Scan the entries below for the word "unfolding". Copy each line that has it.

THE INPUT.
%%
(* For lossless transmission of arbitrarily correlated sources $(S_1,S_2)$ over a discrete memoryless two-way channel $p(y_1,y_2|x_1,x_2)$, source-channel rate $b=1$ is achievable (even with restricted encoders that do not use past channel outputs) if there is a joint distribution $$p(q,s_1,s_2,x_1,x_2,y_1,y_2)=p(q)p(s_1,s_2)p(x_1|q,s_1)p(x_2|q,s_2)p(y_1,y_2|x_1,x_2)$$ such that $H(S_1|S_2)<I(X_1;Y_2|X_2,S_2,Q)$ and $H(S_2|S_1)<I(X_2;Y_1|X_1,S_1,Q)$.
   Context: Two-way channel model: $(S_{1,k},S_{2,k})$ i.i.d. $\sim p(s_1,s_2)$ on finite alphabets; finite channel alphabets. User $i\in\{1,2\}$ observes $S_i^m$ and at time $j\le n$ sends $X_{i,j}=f_{i,j}(S_i^m,Y_i^{j-1})$, where $Y_i$ is user $i$'s channel output. User 2 decodes $\hat S_1^m$ from $(Y_2^n,S_2^m)$ and user 1 decodes $\hat S_2^m$ from $(Y_1^n,S_1^m)$. Error probability $P_e^{(m,n)}=\Pr\{\bigcup_{k=1,2}\{S_k^m\neq\hat S_k^m\}\}$. Rate $b$ is achievable if for every $\epsilon>0$ there exist positive integers $m,n$ with $n/m=b$ and encoders/decoders with $P_e^{(m,n)}<\epsilon$. Restricted encoders: $X_{i,j}$ depends only on $S_i^m$. *)

theory Defs
  imports Complex_Main
begin

definition is_pmf :: "('a::finite \<Rightarrow> real) \<Rightarrow> bool" where
  "is_pmf p \<longleftrightarrow> (\<forall>a. 0 \<le> p a) \<and> (\<Sum>a\<in>UNIV. p a) = 1"

definition prv :: "('w::finite \<Rightarrow> real) \<Rightarrow> ('w \<Rightarrow> 'v) \<Rightarrow> 'v \<Rightarrow> real" where
  "prv J f v = (\<Sum>w\<in>{w. f w = v}. J w)"

definition cond_entropy ::
  "('w::finite \<Rightarrow> real) \<Rightarrow> ('w \<Rightarrow> 'a) \<Rightarrow> ('w \<Rightarrow> 'b) \<Rightarrow> real" where
  "cond_entropy J A B =
     - (\<Sum>w\<in>UNIV. J w * log 2 (prv J (\<lambda>u. (A u, B u)) (A w, B w) / prv J B (B w)))"

definition cond_mutual_info ::
  "('w::finite \<Rightarrow> real) \<Rightarrow> ('w \<Rightarrow> 'a) \<Rightarrow> ('w \<Rightarrow> 'b) \<Rightarrow> ('w \<Rightarrow> 'c) \<Rightarrow> real" where
  "cond_mutual_info J A B C =
     (\<Sum>w\<in>UNIV. J w * log 2
        ((prv J (\<lambda>u. (A u, B u, C u)) (A w, B w, C w) * prv J C (C w)) /
         (prv J (\<lambda>u. (A u, C u)) (A w, C w) * prv J (\<lambda>u. (B u, C u)) (B w, C w))))"

text \<open>Sequences are lists; index j ranges over 0..<n, so the past outputs Y_i^{j-1}
  are take j y.
  Encoders: f1 j s1 y1past, f2 j s2 y2past. Decoders: g2 y2 s2 (estimate of S1^m),
  g1 y1 s1 (estimate of S2^m).\<close>

definition error_prob ::
  "('s1::finite \<times> 's2::finite \<Rightarrow> real) \<Rightarrow>
   ('x1::finite \<Rightarrow> 'x2::finite \<Rightarrow> ('y1::finite \<times> 'y2::finite) \<Rightarrow> real) \<Rightarrow>
   nat \<Rightarrow> nat \<Rightarrow>
   (nat \<Rightarrow> 's1 list \<Rightarrow> 'y1 list \<Rightarrow> 'x1) \<Rightarrow>
   (nat \<Rightarrow> 's2 list \<Rightarrow> 'y2 list \<Rightarrow> 'x2) \<Rightarrow>
   ('y1 list \<Rightarrow> 's1 list \<Rightarrow> 's2 list) \<Rightarrow>
   ('y2 list \<Rightarrow> 's2 list \<Rightarrow> 's1 list) \<Rightarrow> real" where
  "error_prob P W m n f1 f2 g1 g2 =
     (\<Sum>s1\<in>{xs. length xs = m}. \<Sum>s2\<in>{xs. length xs = m}.
      \<Sum>y1\<in>{ys. length ys = n}. \<Sum>y2\<in>{ys. length ys = n}.
        (\<Prod>k<m. P (s1 ! k, s2 ! k)) *
        (\<Prod>j<n. W (f1 j s1 (take j y1)) (f2 j s2 (take j y2)) (y1 ! j, y2 ! j)) *
        (if g2 y2 s2 \<noteq> s1 \<or> g1 y1 s1 \<noteq> s2 then 1 else 0))"

definition restricted_encoder :: "(nat \<Rightarrow> 's list \<Rightarrow> 'y list \<Rightarrow> 'x) \<Rightarrow> bool" where
  "restricted_encoder f \<longleftrightarrow> (\<forall>j s ys ys'. f j s ys = f j s ys')"

definition achievable_restricted ::
  "('s1::finite \<times> 's2::finite \<Rightarrow> real) \<Rightarrow>
   ('x1::finite \<Rightarrow> 'x2::finite \<Rightarrow> ('y1::finite \<times> 'y2::finite) \<Rightarrow> real) \<Rightarrow> real \<Rightarrow> bool" where
  "achievable_restricted P W b \<longleftrightarrow>
     (\<forall>\<epsilon>>0. \<exists>m n. m > 0 \<and> n > 0 \<and> real n / real m = b \<and>
        (\<exists>(f1 :: nat \<Rightarrow> 's1 list \<Rightarrow> 'y1 list \<Rightarrow> 'x1) (f2 :: nat \<Rightarrow> 's2 list \<Rightarrow> 'y2 list \<Rightarrow> 'x2) g1 g2.
           restricted_encoder f1 \<and> restricted_encoder f2 \<and>
           error_prob P W m n f1 f2 g1 g2 < \<epsilon>))"

definition joint_dist ::
  "('q \<Rightarrow> real) \<Rightarrow> ('s1 \<times> 's2 \<Rightarrow> real) \<Rightarrow> ('q \<Rightarrow> 's1 \<Rightarrow> 'x1 \<Rightarrow> real) \<Rightarrow>
   ('q \<Rightarrow> 's2 \<Rightarrow> 'x2 \<Rightarrow> real) \<Rightarrow> ('x1 \<Rightarrow> 'x2 \<Rightarrow> ('y1 \<times> 'y2) \<Rightarrow> real) \<Rightarrow>
   ('q \<times> 's1 \<times> 's2 \<times> 'x1 \<times> 'x2 \<times> 'y1 \<times> 'y2) \<Rightarrow> real" where
  "joint_dist pQ P V1 V2 W = (\<lambda>(q, s1, s2, x1, x2, y1, y2).
     pQ q * P (s1, s2) * V1 q s1 x1 * V2 q s2 x2 * W x1 x2 (y1, y2))"

end

theory Submission
  imports Defs "HOL-Library.FuncSet" "HOL-Analysis.Convex"
begin

(* Proof strategy: a random-coding argument with maximum-likelihood decoding and Gallager's
   error exponent, carried out separately for each direction of the two-way channel.

   Both users share a time-sharing word q drawn i.i.d. from p(q). User i maps every source word
   s_i of length n to a channel word drawn from the product law prod_j p(x_i | q_j, s_ij), all
   codewords independent; this encoder ignores past outputs, so it is restricted. User 2 decodes
   S_1^n from (Y_2^n, S_2^n, own codeword) by maximum likelihood, and symmetrically for user 1. *)

section \<open>Sums over words and over random codebooks\<close>

definition words :: "nat \<Rightarrow> 'a list set" where "words n = {xs. length xs = n}"

lemma finite_words[simp]: "finite (words n :: ('a::finite) list set)"
  unfolding words_def using finite_lists_length_eq[of "UNIV::'a set" n] by simp

lemma words_Suc: "words (Suc n) = (\<lambda>(x,xs). x # xs) ` (UNIV \<times> words n)"
  unfolding words_def by (auto simp: length_Suc_conv image_def)

lemma words_nonempty: "words n \<noteq> {}"
  unfolding words_def by (auto intro!: exI[of _ "replicate n undefined"])

abbreviation codebooks :: "nat \<Rightarrow> ('a list \<Rightarrow> 'b list) set" where
  "codebooks n \<equiv> PiE (words n) (\<lambda>_. words n)"

lemma finite_codebooks: "finite (codebooks n :: ('a::finite list \<Rightarrow> 'b::finite list) set)"
  by (simp add: finite_PiE)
%%
SOLVED PROBLEM.
  unfolding words_def using finite_lists_length_eq[of "UNIV::'a set" n] by simp
  unfolding words_def by (auto simp: length_Suc_conv image_def)
  unfolding words_def by (auto intro!: exI[of _ "replicate n undefined"])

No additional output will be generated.